Photo by Delphine Ducaruge on Unsplash

#creating a sample large data set
import numpy as np
import pandas as pd
import timeit
np.random.seed(42)
d = np.random.randint(1, 10, size=(500000, 2))
df = pd.DataFrame(d)
df.columns = ["col1 ", "col2"]

We will be using this dataset, for the entire analysis repo_link, When the data size is small, it doesn’t matter which one you choose, but the [] operation may be faster (depending on the system you choose) . If the data size is large or the filter condition is complicated, you should choose it carefully.

Select data by **[]**

Indexing is the easier way of filtering the data, We can use pandas indexing to subset the DataFrame. Actually, the condition expression creates a Boolean series, and we can use it to filter the DataFrame.

# [] operator
start = timeit.default_timer()
dfTemp = df[(df["col1 "] % 2==0) & (df["col2"] > 5)]
stop = timeit.default_timer()
print("Run time of df[df[(df[\"col1\"] % 2==0) & (df[\"col2\"] > 5)] is {} seconds.".format(stop-start))

#output
Run time of df[df[(df["col1"] % 2==0) & (df["col2"] > 5)] is 0.020918252997944364 seconds.

Select data by query()

query() is a much cleaner and easier way to filter rows. Just pass a conditional expression with quotes to the query(). Moreover, query() supports much more complicated conditional expressions.

Note*: This operation wouldn’t change the DataFrame in place. If you want to change it, just pass `inplace=True`.*

#select data by query() operator
start = timeit.default_timer()
dfTemp = df.query("col1 % 2 == 0 & col2 > 5")
stop = timeit.default_timer()
print("Running time of df.query(\"col1 % 2 == 0 & col2 > 5\") is {} seconds.".format(stop-start))

#output
Running time of df.query("col1 % 2 == 0 & col2 > 5") is 0.01401120700073079 seconds.

Query seems to be faster when compared to [], can we do better !?

Select data by eval()

Pandas **dataframe.eval()** function is used to evaluate an expression in the context of the calling dataframe instance. The expression is evaluated over the columns of the dataframe and filters the data as needed.

#select data by eval() operator
start = timeit.default_timer()
dfTemp = df[df.eval('col1 % 2 == 0 & col2 > 5')]
stop = timeit.default_timer()
print("Running time of df[df.eval('col1 % 2 == 0 & col2 > 5')] is {} seconds.".format(stop-start))

#output
Running time of df[df.eval('col1 % 2 == 0 & col2 > 5')] is 0.001771175499743549 seconds.

When data is small, the orthodox *[]* operation tends to be faster. The advantages of *query()* and *eval()* lies in humongous dataset. Moreover, *eval()* has much cleaner syntax.

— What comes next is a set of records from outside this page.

(* Let $\lambda\in 5\mathbb{Z}^+$, $r\in\mathbb{Z}^+$, $\mu>0$ and $\sigma>0$ with $\lambda\sigma\in 5\mathbb{N}$, and let $\Lambda$, $\gamma_k$, $\mathbb{W}_k$ be as in the context. For any complex numbers $\{a_k : k\in\Lambda\}$ with $a_{-k} = \overline{a_k}$, the function $$W(t,x) = \sum_{k\in\Lambda} a_k\,\mathbb{W}_k(t,x)$$ is real valued, and for each $\mathring{R}\in\mathring{\mathcal{M}}$, $$\sum_{k\in\Lambda}(\gamma_k(\mathring{R}))^2\,\frac{1}{|\mathbb{T}^2|}\int_{\mathbb{T}^2}\mathbb{W}_k\mathring{\otimes}\mathbb{W}_{-k}\,dx = -\mathring{R}.$$
   Context: $\mathbb{T}^2=\mathbb{R}^2/(2\pi\mathbb{Z}^2)$. $\Lambda^+ = \{\frac15(3e_1\pm4e_2),\frac15(4e_1\pm3e_2)\}$, $\Lambda^- = -\Lambda^+$, $\Lambda=\Lambda^+\cup\Lambda^-$. $\mathring{\mathcal{M}}$ is the space of real symmetric trace-free $2\times2$ matrices, and $f\mathring{\otimes}g = f\otimes g - \frac12 (f\cdot g)\,\mathrm{Id}$ (extended bilinearly to complex vectors). $\{\gamma_k\}_{k\in\Lambda}$ is a family of positive smooth functions on $\mathring{\mathcal{M}}$ with $\gamma_{-k}=\gamma_k$ and $\mathring{R}=\sum_{k\in\Lambda}\gamma_k(\mathring{R})^2\,(k\mathring{\otimes}k)$ for all $\mathring{R}\in\mathring{\mathcal{M}}$. For $k=(k_1,k_2)$, $k^\perp=(-k_2,k_1)$. Define $b_k(x) = i k^\perp e^{i\lambda k\cdot x}$. The 2D Dirichlet kernel is $D_r(x) = \frac{1}{2r+1}\sum_{k\in\Omega_r} e^{ik\cdot x}$ with $\Omega_r=\{(k_1,k_2)\in\mathbb{Z}^2 : -r\le k_i\le r\}$. Define $\eta_k(t,x) = D_r(\lambda\sigma(k\cdot x+\mu t),\ \lambda\sigma k^\perp\cdot x)$ for $k\in\Lambda^+$ and $\eta_k = \eta_{-k}$ for $k\in\Lambda^-$, and $\mathbb{W}_k(t,x) = \eta_k(t,x)\,b_k(x)$. *)

theory Defs
  imports "HOL-Analysis.Analysis"
begin

definition vec2 :: "real \<Rightarrow> real \<Rightarrow> real^2" where
  "vec2 a b = (\<chi> i. if i = 1 then a else b)"

definition perp :: "real^2 \<Rightarrow> real^2" where
  "perp k = vec2 (- (k$2)) (k$1)"

definition LambdaP :: "(real^2) set" where
  "LambdaP = {vec2 (3/5) (4/5), vec2 (3/5) (-4/5), vec2 (4/5) (3/5), vec2 (4/5) (-3/5)}"

definition LambdaM :: "(real^2) set" where
  "LambdaM = uminus ` LambdaP"

definition Lambda :: "(real^2) set" where
  "Lambda = LambdaP \<union> LambdaM"

definition Mo :: "(real^2^2) set" where
  "Mo = {R. transpose R = R \<and> trace R = 0}"

definition rtens :: "real^2 \<Rightarrow> real^2 \<Rightarrow> real^2^2" where
  "rtens f g = (\<chi> i j. f$i * g$j) - ((1/2) * (f \<bullet> g)) *\<^sub>R mat 1"

text \<open>bilinear extension to complex vectors (no conjugation)\<close>
definition ctens :: "complex^2 \<Rightarrow> complex^2 \<Rightarrow> complex^2^2" where
  "ctens f g = (\<chi> i j. f$i * g$j - (if i = j then (1/2) * (\<Sum>l\<in>UNIV. f$l * g$l) else 0))"

coinductive smooth2 :: "(real^2 \<Rightarrow> real) \<Rightarrow> bool" where
  "(\<forall>x. f differentiable (at x)) \<Longrightarrow>
   (\<forall>i. smooth2 (\<lambda>x. frechet_derivative f (at x) (axis i 1))) \<Longrightarrow> smooth2 f"

definition Mo_param :: "real^2 \<Rightarrow> real^2^2" where
  "Mo_param p = (\<chi> i j. if i = j then (if i = 1 then p$1 else - (p$1)) else p$2)"

definition smooth_on_Mo :: "(real^2^2 \<Rightarrow> real) \<Rightarrow> bool" where
  "smooth_on_Mo g \<longleftrightarrow> smooth2 (g \<circ> Mo_param)"

definition Omega :: "nat \<Rightarrow> (int \<times> int) set" where
  "Omega r = {(k1, k2). - int r \<le> k1 \<and> k1 \<le> int r \<and> - int r \<le> k2 \<and> k2 \<le> int r}"

definition Dir :: "nat \<Rightarrow> real \<Rightarrow> real \<Rightarrow> complex" where
  "Dir r y1 y2 = (1 / (2 * of_nat r + 1)) *
     (\<Sum>(k1,k2)\<in>Omega r. cis (of_int k1 * y1 + of_int k2 * y2))"

definition eta :: "real \<Rightarrow> real \<Rightarrow> real \<Rightarrow> nat \<Rightarrow> real^2 \<Rightarrow> real \<Rightarrow> real^2 \<Rightarrow> complex" where
  "eta lam sig mu r k t x =
     (let k' = (if k \<in> LambdaP then k else - k) in
      Dir r (lam * sig * (k' \<bullet> x + mu * t)) (lam * sig * (perp k' \<bullet> x)))"

definition bvec :: "real \<Rightarrow> real^2 \<Rightarrow> real^2 \<Rightarrow> complex^2" where
  "bvec lam k x = (\<chi> i. \<i> * complex_of_real (perp k $ i) * cis (lam * (k \<bullet> x)))"

definition WW :: "real \<Rightarrow> real \<Rightarrow> real \<Rightarrow> nat \<Rightarrow> real^2 \<Rightarrow> real \<Rightarrow> real^2 \<Rightarrow> complex^2" where
  "WW lam sig mu r k t x = eta lam sig mu r k t x *s bvec lam k x"

text \<open>The torus T^2 = R^2/(2 pi Z^2), represented by the fundamental domain [0,2pi]^2.\<close>
definition torus_box :: "(real^2) set" where
  "torus_box = cbox 0 (\<chi> i. 2 * pi)"

end

theory Submission
  imports Defs
begin

(* The terms of W for k and -k are complex conjugates: eta_k is real (the Dirichlet kernel sums
   over a symmetric set of frequencies) and even in k, while b_(-k) is the conjugate of b_k.
   Since |exp (i lam k.x)| = 1, ctens W_k W_(-k) = eta_k^2 rtens k^perp k^perp = - eta_k^2 rtens k k,
   because k k^T + k^perp (k^perp)^T = |k|^2 Id in the plane. The vector lam sig k has integer
   coordinates and (n1, n2) |-> n1 k + n2 k^perp is injective (it is multiplication by a Gaussian
   integer), so the exponentials making up eta_k^2 are orthogonal characters of the torus; by
   Parseval eta_k^2 has mean 1, and the decomposition of R turns the sum into -R. *)

section \<open>Iterated integrals over boxes in the plane\<close>

lemma vec2_nth [simp]: "vec2 a b $ 1 = a" "vec2 a b $ 2 = b"
  by (simp_all add: vec2_def)

lemma vec2_components: "vec2 (z$1) (z$2) = z"
  by (simp add: vec2_def vec_eq_iff forall_2)

lemma continuous_on_vec2: "continuous_on S (\<lambda>p. vec2 (fst p) (snd p))"
  unfolding vec2_def
proof (rule continuous_on_vec_lambda)
  show "continuous_on S (\<lambda>p. if i = 1 then fst p else snd p)" for i
    by (cases "i = 1") (simp_all add: continuous_on_fst continuous_on_snd continuous_on_id)
qed

lemma vec2_image_cbox:
  "(\<lambda>p. vec2 (fst p) (snd p)) ` cbox (a1, a2) (b1, b2) = cbox (vec2 a1 a2) (vec2 b1 b2)"
proof (intro set_eqI iffI)
  fix z assume "z \<in> cbox (vec2 a1 a2) (vec2 b1 b2)"
  then have "(z$1, z$2) \<in> cbox (a1, a2) (b1, b2)"
    by (simp add: mem_box_cart forall_2 cbox_Pair_eq)
  then show "z \<in> (\<lambda>p. vec2 (fst p) (snd p)) ` cbox (a1, a2) (b1, b2)"
    by (intro image_eqI[where x = "(z$1, z$2)"]) (simp_all add: vec2_components)
qed (clarsimp simp: mem_box_cart forall_2 cbox_Pair_eq)

lemma components_image_cbox:
  "(\<lambda>z::real^2. (z$1, z$2)) ` cbox a b = cbox (a$1, a$2) (b$1, b$2)"
proof (intro set_eqI iffI)
  fix p :: "real \<times> real" assume "p \<in> cbox (a$1, a$2) (b$1, b$2)"
  then have "vec2 (fst p) (snd p) \<in> cbox a b"
    by (cases p) (simp add: mem_box_cart forall_2 cbox_Pair_eq)
  then show "p \<in> (\<lambda>z::real^2. (z$1, z$2)) ` cbox a b"
    by (intro image_eqI[where x = "vec2 (fst p) (snd p)"]) simp_all
qed (clarsimp simp: mem_box_cart forall_2 cbox_Pair_eq)

lemma content_cbox_vec2:
  "Henstock_Kurzweil_Integration.content (cbox (vec2 a1 a2) (vec2 b1 b2))
     = Henstock_Kurzweil_Integration.content (cbox (a1, a2) (b1, b2))"
proof -
  have "cbox (vec2 a1 a2) (vec2 b1 b2) = {} \<longleftrightarrow> \<not> (a1 \<le> b1 \<and> a2 \<le> b2)"
    using interval_ne_empty_cart(1)[of "vec2 a1 a2" "vec2 b1 b2"] by (auto simp: forall_2)
  then show ?thesis
    by (simp add: content_Pair content_cbox_if_cart UNIV_2)
qed

lemma integral_cbox_cart2_iterated:
  fixes f :: "real^2 \<Rightarrow> 'a::banach"
  assumes f: "continuous_on (cbox a b) f"
  shows "integral (cbox a b) f
    = integral {a$1..b$1} (\<lambda>x. integral {a$2..b$2} (\<lambda>y. f (vec2 x y)))"
proof -
  let ?g = "\<lambda>p. vec2 (fst p) (snd p)" and ?h = "\<lambda>z::real^2. (z$1, z$2)"
  let ?B = "cbox (a$1, a$2) (b$1, b$2)"
  have "(f has_integral integral (cbox a b) f) (cbox a b)"
    using f by (simp add: integrable_continuous integrable_integral)
  then have "((\<lambda>p. f (?g p)) has_integral (1 / 1) *\<^sub>R integral (cbox a b) f) (?h ` cbox a b)"
  proof (rule has_integral_twiddle[rotated 7])
    show "continuous (at p) ?g" for p
      using continuous_on_vec2 continuous_on_eq_continuous_at[OF open_UNIV] by blast
    show "\<exists>w z. ?g ` cbox u v = cbox w z" for u v
      using vec2_image_cbox by (cases u, cases v) blast
    show "Henstock_Kurzweil_Integration.content (?g ` cbox u v)
        = 1 * Henstock_Kurzweil_Integration.content (cbox u v)" for u v
      by (cases u, cases v) (simp only: vec2_image_cbox content_cbox_vec2 prod.sel mult_1)
    show "\<exists>w z. ?h ` cbox u v = cbox w z" for u v
      using components_image_cbox by blast
  qed (simp_all add: vec2_components)
  then have "integral (cbox a b) f = integral ?B (\<lambda>p. f (?g p))"
    by (simp add: components_image_cbox integral_unique)
  also have "\<dots> = integral {a$1..b$1} (\<lambda>x. integral {a$2..b$2} (\<lambda>y. f (vec2 x y)))"
  proof -
    have "?g ` ?B \<subseteq> cbox a b"
      by (simp only: vec2_image_cbox vec2_components subset_refl)
    then have "continuous_on ?B (\<lambda>p. f (?g p))"
      by (intro continuous_on_compose2[OF f continuous_on_vec2])
    then show ?thesis
      by (simp add: integral_prod_continuous)
  qed
  finally show ?thesis .
qed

Below are some conditional statements and operators supported by eval:

  • Arithmetic operations except for the left shift (<<) and right shift (>>) operators.
  • Comparison operations.
  • Boolean operations, such as df.col1> 5 and df.col2 <=10
  • Attribute access, such as df.col1.
  • Subscript expressions, such as df[0].
  • Math functions.
import math  
df[df.eval('math.sin(df.col1)>0')]
  • List and tuple literals.
df[df.eval('df.col1 in ["Sun", "Moon"]')]

Photo by Luca Bravo on Unsplash

Optimising the way we filter the data, would be one of the options to look into system to improve the performance while working with dataframe, Optimising the filtering operations eval(), query(), [] wouldn’t guarantee the performance enhancement, It’s a multi-variant equation, but this would be a poignant variable and worth a try, Cheers!